* Your instructions: Go through the records below and show every line with the string "aligned".

Collected data:
lemma segment_follows_ray:
  assumes \<gamma>: "\<gamma> \<in> segments a b \<alpha> (tp x) Q" and Q: "Q \<in> T"
    and t0: "0 < t0" "t0 \<le> tdist (tp x) Q"
  obtains \<zeta> where "cmod \<zeta> = 1" "x + of_real (tdist (tp x) Q) * \<zeta> \<in> Q"
    "\<And>t. t0 \<le> t \<Longrightarrow> t \<le> tdist (tp x) Q \<Longrightarrow> \<gamma> t = tp (x + of_real t * \<zeta>)"
proof -
  define d where "d = tdist (tp x) Q"
  from \<gamma> have \<gamma>0: "\<gamma> 0 = tp x" and \<gamma>d: "\<gamma> d = Q" and \<gamma>T: "\<And>t. t \<in> {0..d} \<Longrightarrow> \<gamma> t \<in> T"
    and iso: "\<And>t t'. t \<in> {0..d} \<Longrightarrow> t' \<in> {0..d} \<Longrightarrow> tdist (\<gamma> t) (\<gamma> t') = \<bar>t - t'\<bar>"
    unfolding segments_def d_def by auto
  have t0d: "t0 \<in> {0..d}" using t0 by (simp add: d_def)
  have "\<gamma> 0 \<in> T" "x \<in> \<gamma> 0" using \<gamma>0 by simp_all
  then obtain z where z: "z \<in> \<gamma> t0" "cmod (x - z) = tdist (\<gamma> 0) (\<gamma> t0)"
    using tdist_attained[OF _ \<gamma>T[OF t0d]] by blast
  have "cmod (z - x) = t0" using z(2) iso[of 0 t0] t0d t0 by (simp add: norm_minus_commute)
  then have "z - x \<noteq> 0" using t0 by auto
  define \<zeta> where "\<zeta> = sgn (z - x)"
  have along: "x + of_real d * \<zeta> \<in> Q \<and> \<gamma> t = tp (x + of_real t * \<zeta>)" if "t0 \<le> t" "t \<le> d" for t
  proof -
    have td: "t \<in> {0..d}" using that t0 by simp
    obtain w where w: "w \<in> \<gamma> t" "cmod (z - w) = tdist (\<gamma> t0) (\<gamma> t)"
      by (rule tdist_attained[OF \<gamma>T[OF t0d] \<gamma>T[OF td] z(1)])
    obtain s where s: "s \<in> Q" "cmod (w - s) = tdist (\<gamma> t) Q"
      by (rule tdist_attained[OF \<gamma>T[OF td] Q w(1)])
    \<comment> \<open>the broken line x, z, w, s has length t0 + (t - t0) + (d - t) = d, the distance from x to Q\<close>
    have wz: "cmod (w - z) = t - t0" using w(2) iso[of t0 t] t0d td that by (simp add: norm_minus_commute)
    have sw: "cmod (s - w) = d - t" using s(2) iso[of t d] td \<gamma>d that t0
      by (simp add: norm_minus_commute)
    have "cmod (z - x) + cmod (w - z) + cmod (s - w) \<le> cmod ((z - x) + (w - z) + (s - w))"
    proof -
      have "d \<le> cmod (s - x)"
        using tdist_le[OF tpoint_self[of x] s(1)] by (simp add: d_def norm_minus_commute[of x s])
      then show ?thesis using \<open>cmod (z - x) = t0\<close> wz sw by simp
    qed
    note aligned = norm_add3_ge_imp_aligned[OF \<open>z - x \<noteq> 0\<close> this]
    have "(z - x) + (w - z) = w - x" "(z - x) + (w - z) + (s - w) = s - x" by simp_all
    then have "w - x = t *\<^sub>R \<zeta>" "s - x = d *\<^sub>R \<zeta>"
      using aligned \<open>cmod (z - x) = t0\<close> wz sw by (simp_all add: \<zeta>_def)
    then have "w = x + of_real t * \<zeta>" "s = x + of_real d * \<zeta>"
      by (simp_all add: scaleR_conv_of_real algebra_simps)
    then show ?thesis using s(1) torus_eq_tpoint[OF \<gamma>T[OF td] w(1)] by simp
  qed
  show thesis
  proof (rule that)
    show "cmod \<zeta> = 1" using \<open>z - x \<noteq> 0\<close> by (simp add: \<zeta>_def norm_sgn)
    show "x + of_real (tdist (tp x) Q) * \<zeta> \<in> Q" using along[of d] t0 by (simp add: d_def)
    show "\<gamma> t = tp (x + of_real t * \<zeta>)" if "t0 \<le> t" "t \<le> tdist (tp x) Q" for t
      using along that by (simp add: d_def)
  qed
qed

lemma ray_direction_unique:
  assumes "0 < t" "2 * t < sep" "cmod \<zeta> = 1" "cmod \<zeta>' = 1"
    and eq: "tp (x + of_real t * \<zeta>) = tp (x + of_real t * \<zeta>')"
  shows "\<zeta> = \<zeta>'"
proof -
  have "cmod ((x + of_real t * \<zeta>) - (x + of_real t * \<zeta>')) = t * cmod (\<zeta> - \<zeta>')"
    using assms(1) by (simp add: norm_mult flip: right_diff_distrib)
  also have "\<dots> \<le> t * (cmod \<zeta> + cmod \<zeta>')"
    using assms(1) norm_triangle_ineq4 by (intro mult_left_mono) auto
  finally have "cmod ((x + of_real t * \<zeta>) - (x + of_real t * \<zeta>')) < sep"
    using assms(2-4) by simp
  then have "x + of_real t * \<zeta> = x + of_real t * \<zeta>'"
    using eq_if_close_in_tpoint[OF tpoint_in_torus tpoint_self] eq tpoint_self by metis
  then show ?thesis using assms(1) by simp
qed

lemma segments_eq_lifted_segments:
  assumes Q: "Q \<in> T" and d: "0 < tdist (tp x) Q"
  shows "segments a b \<alpha> (tp x) Q = lifted_segment x ` {s \<in> Q. cmod (s - x) = tdist (tp x) Q}"
proof
  show "lifted_segment x ` {s \<in> Q. cmod (s - x) = tdist (tp x) Q} \<subseteq> segments a b \<alpha> (tp x) Q"
    using lifted_segment_in_segments[OF Q] d by force
next
  show "segments a b \<alpha> (tp x) Q \<subseteq> lifted_segment x ` {s \<in> Q. cmod (s - x) = tdist (tp x) Q}"
  proof
    fix \<gamma> assume \<gamma>: "\<gamma> \<in> segments a b \<alpha> (tp x) Q"
    define d where "d = tdist (tp x) Q"
    define t1 where "t1 = min (sep / 4) d"
    have t1: "0 < t1" "t1 \<le> d" "2 * t1 < sep" using sep_pos d by (auto simp: t1_def d_def)
    obtain \<zeta> where \<zeta>: "cmod \<zeta> = 1" "x + of_real d * \<zeta> \<in> Q"
      and \<gamma>\<zeta>: "\<And>t. t1 \<le> t \<Longrightarrow> t \<le> d \<Longrightarrow> \<gamma> t = tp (x + of_real t * \<zeta>)"
      using segment_follows_ray[OF \<gamma> Q t1(1)] t1(2) unfolding d_def by metis
    define s where "s = x + of_real d * \<zeta>"
    have "s - x = of_real d * \<zeta>" by (simp add: s_def)
    then have s: "cmod (s - x) = d" "sgn (s - x) = \<zeta>"
      using d \<zeta>(1) by (simp_all add: norm_mult d_def sgn_mult sgn_of_real sgn_eq)
    have "\<gamma> t = lifted_segment x s t" for t
    proof -
      consider "t \<notin> {0..d}" | "t = 0" | "0 < t" "t \<le> d" by fastforce
      then show ?thesis
      proof cases
        case 1
        then show ?thesis using \<gamma> s by (auto simp: segments_def lifted_segment_def d_def)
      next
        case 2
        then show ?thesis using \<gamma> s d by (simp add: segments_def lifted_segment_def d_def)
      next
        case 3
        have t0: "0 < min t t1" "min t t1 \<le> tdist (tp x) Q" using 3 t1 by (auto simp: d_def)
        obtain \<zeta>' where \<zeta>': "cmod \<zeta>' = 1" "x + of_real d * \<zeta>' \<in> Q"
          and \<gamma>\<zeta>': "\<And>t'. min t t1 \<le> t' \<Longrightarrow> t' \<le> d \<Longrightarrow> \<gamma> t' = tp (x + of_real t' * \<zeta>')"
          using segment_follows_ray[OF \<gamma> Q t0, folded d_def] by metis
        have "tp (x + of_real t1 * \<zeta>') = tp (x + of_real t1 * \<zeta>)"
          using \<gamma>\<zeta>'[of t1] \<gamma>\<zeta>[of t1] t1 by simp
        then have "\<zeta>' = \<zeta>" by (rule ray_direction_unique[OF t1(1,3) \<zeta>'(1) \<zeta>(1)])
        then show ?thesis using \<gamma>\<zeta>'[of t] 3 s by (simp add: lifted_segment_def)
      qed
    qed
    then have "\<gamma> = lifted_segment x s" by blast
    moreover have "s \<in> Q" using \<zeta>(2) by (simp add: s_def)
    ultimately show "\<gamma> \<in> lifted_segment x ` {s \<in> Q. cmod (s - x) = tdist (tp x) Q}"
      using s(1) by (auto simp: d_def)
  qed
qed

* The completed task:
    note aligned = norm_add3_ge_imp_aligned[OF \<open>z - x \<noteq> 0\<close> this]
      using aligned \<open>cmod (z - x) = t0\<close> wz sw by (simp_all add: \<zeta>_def)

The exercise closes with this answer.